▶ **Assignment**
Give back the entries in full, exactly as they are written.

Stored items:

────────

lemma normalized_series_psi''_nonneg:
  assumes "u \<in> Delta" "0 < y"
  shows "0 \<le> normalized_series psi'' u y"
  unfolding normalized_series_def
  by (intro divide_nonneg_nonneg suminf_nonneg summable_psi'' sqnorm_nonneg assms) (simp add: psi''_def)

definition gamma' :: "(nat \<Rightarrow> real) measure \<Rightarrow> real \<Rightarrow> real" where
  "gamma' Xi x = measure Xi {zero_seq} * (2 * x - 1) / 2 + (\<integral>u. normalized_series psi' u x \<partial>Xi)"

definition gamma'' :: "(nat \<Rightarrow> real) measure \<Rightarrow> real \<Rightarrow> real" where
  "gamma'' Xi x = measure Xi {zero_seq} + (\<integral>u. normalized_series psi'' u x \<partial>Xi)"

context
  fixes Xi :: "(nat \<Rightarrow> real) measure"
  assumes finite: "finite_measure Xi" and space: "space Xi = Delta" and sets: "sets Xi = Delta_sets"
begin

lemma integrable_normalized_series:
  assumes "sq_bounded_on f {y}" "(\<lambda>v. f v y) \<in> borel_measurable borel"
  shows "integrable Xi (\<lambda>u. normalized_series f u y)"
proof -
  obtain K where K: "\<forall>u\<in>Delta. \<forall>z\<in>{y}. \<bar>normalized_series f u z\<bar> \<le> K"
    using normalized_series_bounded[OF assms(1)] ..
  show ?thesis
  proof (rule finite_measure.integrable_const_bound[OF finite, where B = K])
    show "AE u in Xi. norm (normalized_series f u y) \<le> K"
      using K space by (intro AE_I2) simp
  qed (rule measurable_normalized_series[where f = f and x = y, OF sets assms(2)])
qed

lemma has_real_derivative_integral_normalized_series:
  assumes "x > 0"
    and deriv: "\<And>v y. 0 \<le> v \<Longrightarrow> v \<le> 1 \<Longrightarrow> y > 0 \<Longrightarrow> (f v has_real_derivative f' v y) (at y)"
    and bounded: "\<And>a b. 0 < a \<Longrightarrow> sq_bounded_on f {a..b}" "\<And>a b. 0 < a \<Longrightarrow> sq_bounded_on f' {a..b}"
    and meas: "\<And>y. (\<lambda>v. f v y) \<in> borel_measurable borel" "\<And>y. (\<lambda>v. f' v y) \<in> borel_measurable borel"
  shows "((\<lambda>y. \<integral>u. normalized_series f u y \<partial>Xi) has_real_derivative
      (\<integral>u. normalized_series f' u x \<partial>Xi)) (at x)"
proof -
  obtain K where K: "\<forall>u\<in>Delta. \<forall>y\<in>{x / 2..2 * x}. \<bar>normalized_series f' u y\<bar> \<le> K"
    using normalized_series_bounded[OF bounded(2)[of "x / 2" "2 * x"]] \<open>x > 0\<close> by auto
  have bounded_at: "sq_bounded_on f {y}" if "y > 0" for y
    using sq_bounded_on_subset[OF bounded(1)[OF that, of y]] by simp
  show ?thesis
  proof (rule has_real_derivative_integral[OF finite, where a = "x / 2" and b = "2 * x" and K = K])
    show "x \<in> {x / 2<..<2 * x}"
      using \<open>x > 0\<close> by simp
    fix s assume s: "s \<in> {x / 2<..<2 * x}"
    then have "s > 0"
      using \<open>x > 0\<close> by simp
    show "(normalized_series f u has_real_derivative normalized_series f' u s) (at s)"
      if "u \<in> space Xi" for u
      using that \<open>s > 0\<close> space by (intro has_real_derivative_normalized_series deriv bounded) auto
    show "\<bar>normalized_series f' u s\<bar> \<le> K" if "u \<in> space Xi" for u
      using that s space K by auto
    show "(\<lambda>u. normalized_series f u s) \<in> borel_measurable Xi"
      by (rule measurable_normalized_series[where f = f, OF sets meas(1)])
    show "integrable Xi (\<lambda>u. normalized_series f u s)"
      by (rule integrable_normalized_series[OF bounded_at[OF \<open>s > 0\<close>] meas(1)])
  qed (rule measurable_normalized_series[where f = f', OF sets meas(2)])
qed

lemma gamma_eq_integral:
  "gamma Xi x = measure Xi {zero_seq} * (x * (x - 1) / 2) + (\<integral>u. normalized_series psi u x \<partial>Xi)"
proof -
  have "indicator (Delta - {zero_seq}) u * ((\<Sum>i. pow0 (1 - u i) x - 1 + x * u i) / sqnorm u)
      = normalized_series psi u x" if "u \<in> space Xi" for u
    using that space by (cases "u = zero_seq") (auto simp: normalized_series_def psi_def sqnorm_def zero_seq_def)
  then show ?thesis
    unfolding gamma_def set_lebesgue_integral_def by (simp cong: Bochner_Integration.integral_cong)
qed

────────

▶ **Response below**
lemma normalized_series_psi''_nonneg:
  assumes "u \<in> Delta" "0 < y"
  shows "0 \<le> normalized_series psi'' u y"
  unfolding normalized_series_def
  by (intro divide_nonneg_nonneg suminf_nonneg summable_psi'' sqnorm_nonneg assms) (simp add: psi''_def)

definition gamma' :: "(nat \<Rightarrow> real) measure \<Rightarrow> real \<Rightarrow> real" where
  "gamma' Xi x = measure Xi {zero_seq} * (2 * x - 1) / 2 + (\<integral>u. normalized_series psi' u x \<partial>Xi)"

definition gamma'' :: "(nat \<Rightarrow> real) measure \<Rightarrow> real \<Rightarrow> real" where
  "gamma'' Xi x = measure Xi {zero_seq} + (\<integral>u. normalized_series psi'' u x \<partial>Xi)"

context
  fixes Xi :: "(nat \<Rightarrow> real) measure"
  assumes finite: "finite_measure Xi" and space: "space Xi = Delta" and sets: "sets Xi = Delta_sets"
begin

lemma integrable_normalized_series:
  assumes "sq_bounded_on f {y}" "(\<lambda>v. f v y) \<in> borel_measurable borel"
  shows "integrable Xi (\<lambda>u. normalized_series f u y)"
proof -
  obtain K where K: "\<forall>u\<in>Delta. \<forall>z\<in>{y}. \<bar>normalized_series f u z\<bar> \<le> K"
    using normalized_series_bounded[OF assms(1)] ..
  show ?thesis
  proof (rule finite_measure.integrable_const_bound[OF finite, where B = K])
    show "AE u in Xi. norm (normalized_series f u y) \<le> K"
      using K space by (intro AE_I2) simp
  qed (rule measurable_normalized_series[where f = f and x = y, OF sets assms(2)])
qed

lemma has_real_derivative_integral_normalized_series:
  assumes "x > 0"
    and deriv: "\<And>v y. 0 \<le> v \<Longrightarrow> v \<le> 1 \<Longrightarrow> y > 0 \<Longrightarrow> (f v has_real_derivative f' v y) (at y)"
    and bounded: "\<And>a b. 0 < a \<Longrightarrow> sq_bounded_on f {a..b}" "\<And>a b. 0 < a \<Longrightarrow> sq_bounded_on f' {a..b}"
    and meas: "\<And>y. (\<lambda>v. f v y) \<in> borel_measurable borel" "\<And>y. (\<lambda>v. f' v y) \<in> borel_measurable borel"
  shows "((\<lambda>y. \<integral>u. normalized_series f u y \<partial>Xi) has_real_derivative
      (\<integral>u. normalized_series f' u x \<partial>Xi)) (at x)"
proof -
  obtain K where K: "\<forall>u\<in>Delta. \<forall>y\<in>{x / 2..2 * x}. \<bar>normalized_series f' u y\<bar> \<le> K"
    using normalized_series_bounded[OF bounded(2)[of "x / 2" "2 * x"]] \<open>x > 0\<close> by auto
  have bounded_at: "sq_bounded_on f {y}" if "y > 0" for y
    using sq_bounded_on_subset[OF bounded(1)[OF that, of y]] by simp
  show ?thesis
  proof (rule has_real_derivative_integral[OF finite, where a = "x / 2" and b = "2 * x" and K = K])
    show "x \<in> {x / 2<..<2 * x}"
      using \<open>x > 0\<close> by simp
    fix s assume s: "s \<in> {x / 2<..<2 * x}"
    then have "s > 0"
      using \<open>x > 0\<close> by simp
    show "(normalized_series f u has_real_derivative normalized_series f' u s) (at s)"
      if "u \<in> space Xi" for u
      using that \<open>s > 0\<close> space by (intro has_real_derivative_normalized_series deriv bounded) auto
    show "\<bar>normalized_series f' u s\<bar> \<le> K" if "u \<in> space Xi" for u
      using that s space K by auto
    show "(\<lambda>u. normalized_series f u s) \<in> borel_measurable Xi"
      by (rule measurable_normalized_series[where f = f, OF sets meas(1)])
    show "integrable Xi (\<lambda>u. normalized_series f u s)"
      by (rule integrable_normalized_series[OF bounded_at[OF \<open>s > 0\<close>] meas(1)])
  qed (rule measurable_normalized_series[where f = f', OF sets meas(2)])
qed

lemma gamma_eq_integral:
  "gamma Xi x = measure Xi {zero_seq} * (x * (x - 1) / 2) + (\<integral>u. normalized_series psi u x \<partial>Xi)"
proof -
  have "indicator (Delta - {zero_seq}) u * ((\<Sum>i. pow0 (1 - u i) x - 1 + x * u i) / sqnorm u)
      = normalized_series psi u x" if "u \<in> space Xi" for u
    using that space by (cases "u = zero_seq") (auto simp: normalized_series_def psi_def sqnorm_def zero_seq_def)
  then show ?thesis
    unfolding gamma_def set_lebesgue_integral_def by (simp cong: Bochner_Integration.integral_cong)
qed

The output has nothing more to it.